I was told to think about whether we would want to have a post mortem and she tried to answer my questions above. This is when I was told that this happens to about 6,000 women a year. I was shocked, I had never really heard of it. I thought I was the only one. (I guess I am naïve) I was told that we can start trying for another baby as soon as we are ready, but best to wait 3 months. She didn’t think that the injections would have caused this as after all they are only vitamins. I was then given a blood test and they took 11 vials, my arm ached for a while after - god I hate needles!.

I was then left to think about things over a cup of tea and that’s when I just started to ring people and tell them. It helped me to talk although the other end of the line was very quiet. What do you say to someone when this happens? Martin at home too started to ring people and was met with the same reaction.

I was given some paracetamol and Dihydrocodeine to take home should I get any pain or cramps. I left the hospital and drove home in shock. Martin met me at the door and we just hugged and cried.
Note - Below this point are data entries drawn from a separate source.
(* Consider the following online reputation model. A random state $x\in\mathbb X=\{1,\dots,X\}$ has prior $\pi_0$ with $\pi_0(i)>0$ for all $i$. Nodes $n=1,2,\dots$ (node $n$ represents agent $s$ at time $k$ via $n=s+S(k-1)$, $s\in\{1,\dots,S\}$) act in increasing order of $n$. Information flow is given by a directed acyclic graph on $\{1,2,\dots\}$ whose edges $(m,n)$ all satisfy $m<n$; $A_n$ is its $n\times n$ adjacency matrix restricted to nodes $1,\dots,n$, with $A_n(m,n')=1$ iff there is an edge from $m$ to $n'$ (so $A_n$ is strictly upper triangular), and $T_n=\operatorname{sgn}((I_n-A_n)^{-1})$ is its transitive closure matrix ($\operatorname{sgn}$ applied entrywise: $0\mapsto0$, nonzero $\mapsto1$). Let $\mathcal F_n=\{m<n: T_n(m,n)=1\}$ (nodes with a directed path to $n$). Private observations $y_1,y_2,\dots\in\mathbb Y=\{1,\dots,Y\}$ are conditionally i.i.d. given $x$ with $P(y_n=y\mid x=i)=B_{iy}>0$. Node $n$ proceeds as follows: it is given a prior (recommendation) belief $\pi_{n-}$; it computes $\eta_n=B_{y_n}\pi_{n-}/(\mathbf 1_X'B_{y_n}\pi_{n-})$ with $B_y=\operatorname{diag}(B_{1y},\dots,B_{Xy})$; it takes the action $a_n=a(\pi_{n-},y_n):=\arg\min_{a\in\mathcal A}c_a'\eta_n$ (fixed deterministic tie-breaking, given cost vectors $c_a$, $\mathcal A=\{1,\dots,A\}$); and the administrator computes the public belief $\pi_n(i)\propto P(a_n\mid x=i,\pi_{n-})\,\pi_{n-}(i)$, where $P(a\mid x=i,\pi)=\sum_{y}\mathbf 1\{a(\pi,y)=a\}B_{iy}$. Define $l_m(i)=\log\pi_m(i)-\log\pi_0(i)$. Suppose that for every $n$ the recommendation belief is computed by $$\log\pi_{n-}(i)=\log\pi_0(i)+\sum_{m=1}^{n-1}w_n(m)\,l_m(i)+\text{const}_n,\qquad w_n=T_{n-1}^{-1}t_n,$$ where $\text{const}_n$ does not depend on $i$ (it is fixed by normalization), $T_{n-1}$ is the upper-left $(n-1)\times(n-1)$ block of $T_n$ and $t_n\in\{0,1\}^{n-1}$ consists of the first $n-1$ entries of the $n$-th column of $T_n$ (for $n=1$ the sum is empty and $\pi_{1-}=\pi_0$). Then for every $n$ and $i\in\mathbb X$, $$\pi_{n-}(i)=\pi^0_{n-}(i):=P\big(x=i\mid \{a_m: m\in\mathcal F_n\}\big),$$ i.e. the recommendation equals the fair (incest-free) rating; consequently $\eta_n(i)=P(x=i\mid\{a_m:m\in\mathcal F_n\},y_n)$ and $\pi_n(i)=P(x=i\mid\{a_m:m\in\mathcal F_n\},a_n)$.
   Context: Here $\pi^0_{n-}$ is called the fair online rating available to node $n$: it is the posterior of $x$ given exactly the actions of all nodes whose information eventually reaches node $n$ through the graph. $T_n$ has ones on the diagonal and $T_{n-1}$ is unit upper triangular, hence invertible. $\mathbf 1_X$ is the all-ones vector. *)

theory Defs
  imports Complex_Main "Jordan_Normal_Form.Matrix"
begin

(* Conventions: states x in {0..<X}, observations y in {0..<Y}, actions in {0..<A}
   (0-based relabelling of the paper's 1-based index sets); nodes n = 1,2,... are 1-based.
   B i y = P(y_n = y | x = i); c a i = i-th entry of cost vector c_a. *)

definition normalize :: "nat \<Rightarrow> (nat \<Rightarrow> real) \<Rightarrow> (nat \<Rightarrow> real)" where
  "normalize X v = (\<lambda>i. v i / (\<Sum>j<X. v j))"

definition eta :: "nat \<Rightarrow> (nat \<Rightarrow> nat \<Rightarrow> real) \<Rightarrow> (nat \<Rightarrow> real) \<Rightarrow> nat \<Rightarrow> (nat \<Rightarrow> real)" where
  "eta X B p y = normalize X (\<lambda>i. B i y * p i)"

definition act_prob :: "nat \<Rightarrow> nat \<Rightarrow> (nat \<Rightarrow> nat \<Rightarrow> real) \<Rightarrow> ((nat \<Rightarrow> real) \<Rightarrow> nat)
    \<Rightarrow> (nat \<Rightarrow> real) \<Rightarrow> nat \<Rightarrow> nat \<Rightarrow> real" where
  "act_prob X Y B act p a i = (\<Sum>y<Y. if act (eta X B p y) = a then B i y else 0)"

definition pub_update :: "nat \<Rightarrow> nat \<Rightarrow> (nat \<Rightarrow> nat \<Rightarrow> real) \<Rightarrow> ((nat \<Rightarrow> real) \<Rightarrow> nat)
    \<Rightarrow> (nat \<Rightarrow> real) \<Rightarrow> nat \<Rightarrow> (nat \<Rightarrow> real)" where
  "pub_update X Y B act p a = normalize X (\<lambda>i. act_prob X Y B act p a i * p i)"

text \<open>Adjacency matrix A_n (matrix index i corresponds to node i+1)\<close>
definition adj_mat :: "(nat \<Rightarrow> nat \<Rightarrow> bool) \<Rightarrow> nat \<Rightarrow> real mat" where
  "adj_mat E n = mat n n (\<lambda>(i, j). if E (Suc i) (Suc j) then 1 else 0)"

definition mat_inv :: "real mat \<Rightarrow> real mat" where
  "mat_inv M = (SOME N. inverts_mat M N \<and> inverts_mat N M)"

definition tc_mat :: "(nat \<Rightarrow> nat \<Rightarrow> bool) \<Rightarrow> nat \<Rightarrow> real mat" where
  "tc_mat E n = map_mat sgn (mat_inv (1\<^sub>m n - adj_mat E n))"

text \<open>w_n = T_{n-1}^{-1} t_n, with T_{n-1} the upper-left block of T_n and t_n the first
  n-1 entries of the n-th column of T_n. Entry w_n(m) is (weights E n) $ (m-1).\<close>
definition weights :: "(nat \<Rightarrow> nat \<Rightarrow> bool) \<Rightarrow> nat \<Rightarrow> real vec" where
  "weights E n = (let T = tc_mat E n;
                      Tm = mat (n - 1) (n - 1) (\<lambda>(i, j). T $$ (i, j));
                      t = vec (n - 1) (\<lambda>i. T $$ (i, n - 1))
                  in mat_inv Tm *\<^sub>v t)"

definition fair_set :: "(nat \<Rightarrow> nat \<Rightarrow> bool) \<Rightarrow> nat \<Rightarrow> nat set" where
  "fair_set E n = {m. 1 \<le> m \<and> m < n \<and> tc_mat E n $$ (m - 1, n - 1) = 1}"

text \<open>Recommendation belief pi_{n-}, given ps = [pi_1, ..., pi_{n-1}]:
  log pi_{n-}(i) = log pi_0(i) + sum_{m=1}^{n-1} w_n(m) l_m(i) + const_n, const_n fixed by normalization.\<close>
definition rec_belief :: "nat \<Rightarrow> (nat \<Rightarrow> real) \<Rightarrow> (nat \<Rightarrow> nat \<Rightarrow> bool) \<Rightarrow> nat
    \<Rightarrow> (nat \<Rightarrow> real) list \<Rightarrow> (nat \<Rightarrow> real)" where
  "rec_belief X pi0 E n ps = normalize X (\<lambda>i. pi0 i *
      exp (\<Sum>m = 1..<n. weights E n $ (m - 1) * (ln ((ps ! (m - 1)) i) - ln (pi0 i))))"

text \<open>List [pi_1, ..., pi_n] of public beliefs along the observation path ys (ys k = y_k).\<close>
fun pubs :: "nat \<Rightarrow> nat \<Rightarrow> (nat \<Rightarrow> real) \<Rightarrow> (nat \<Rightarrow> nat \<Rightarrow> real) \<Rightarrow> ((nat \<Rightarrow> real) \<Rightarrow> nat)
    \<Rightarrow> (nat \<Rightarrow> nat \<Rightarrow> bool) \<Rightarrow> (nat \<Rightarrow> nat) \<Rightarrow> nat \<Rightarrow> (nat \<Rightarrow> real) list" where
  "pubs X Y pi0 B act E ys 0 = []"
| "pubs X Y pi0 B act E ys (Suc n) =
     (let ps = pubs X Y pi0 B act E ys n;
          pm = rec_belief X pi0 E (Suc n) ps
      in ps @ [pub_update X Y B act pm (act (eta X B pm (ys (Suc n))))])"

definition prior_belief :: "nat \<Rightarrow> nat \<Rightarrow> (nat \<Rightarrow> real) \<Rightarrow> (nat \<Rightarrow> nat \<Rightarrow> real) \<Rightarrow> ((nat \<Rightarrow> real) \<Rightarrow> nat)
    \<Rightarrow> (nat \<Rightarrow> nat \<Rightarrow> bool) \<Rightarrow> (nat \<Rightarrow> nat) \<Rightarrow> nat \<Rightarrow> (nat \<Rightarrow> real)" where
  "prior_belief X Y pi0 B act E ys n = rec_belief X pi0 E n (pubs X Y pi0 B act E ys (n - 1))"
The boys, Haydn (8) and Rohan (6) didn’t understand, Rohan laughed and that really upset me, although I do know that laughter is a very common nervous reaction and wasn’t cross with him. After the boys had gone to bed we started discussing the plans. My parents were on their way home from Spain and we waited up for them although we had no intentions of going to bed.

We decided on calling the baby Barney which was one of the names we did both like and to us seemed forever young. I had bought a taggie blanket for the baby the week before and got it out from the nursery and just cried into it. My parents arrived at 2.45am we all hugged and cried more. We also talked which helped too. They bought us a bear which made us cry again. It is a little lost bear that has magnets behind his eyes and his paws cover them.

Little Lost Bear Teddy

We eventually got to bed at 4.50am although didn’t sleep and was up again at 7am. As it was Friday we decided to keep the boys in their normal routine and got them ready and sent them to school. Martin explained to the headmistress in case they were upset. We called our employers and gave them the news. I was told not to worry about work and just take it easy. Martin was told they would look into how much time he was allowed off.

We decided that we wanted Barney buried at our local church so rang the Reverend to ask if it was possible, which it was. She asked if she could come round later that evening, we agreed.

Martin rang the SANDS helpline number to ask where we could get a tiny outfit for Barney so that we could have him dressed. After ringing all the local shops in Grantham and the bigger stores in Lincoln we couldn’t think of where else to go to get a small enough outfit. The man at the head office was very nice but unable to help, but said that if we found somewhere to let him know and he would update their website. He recommended that we ring a local befriender. The lady (Julia in Lincoln ) was wonderful knew exactly what we were going through, gave us her mobile number if we ever needed to call again. She told us to try Toys R Us as they do a premature range or a dolly’s outfit as he would be small.

That was very hard walking round the shop looking at the baby clothes and all the nursery soft furnishings (I Love My Bear) that we had already bought. We picked up the premature outfit that went upto 5lb 5oz, but were unsure as it still looked quite big although we weren’t sure what to expect. We also picked up a 12 inch doll that had a blue sleepsuit on which looked a lot smaller.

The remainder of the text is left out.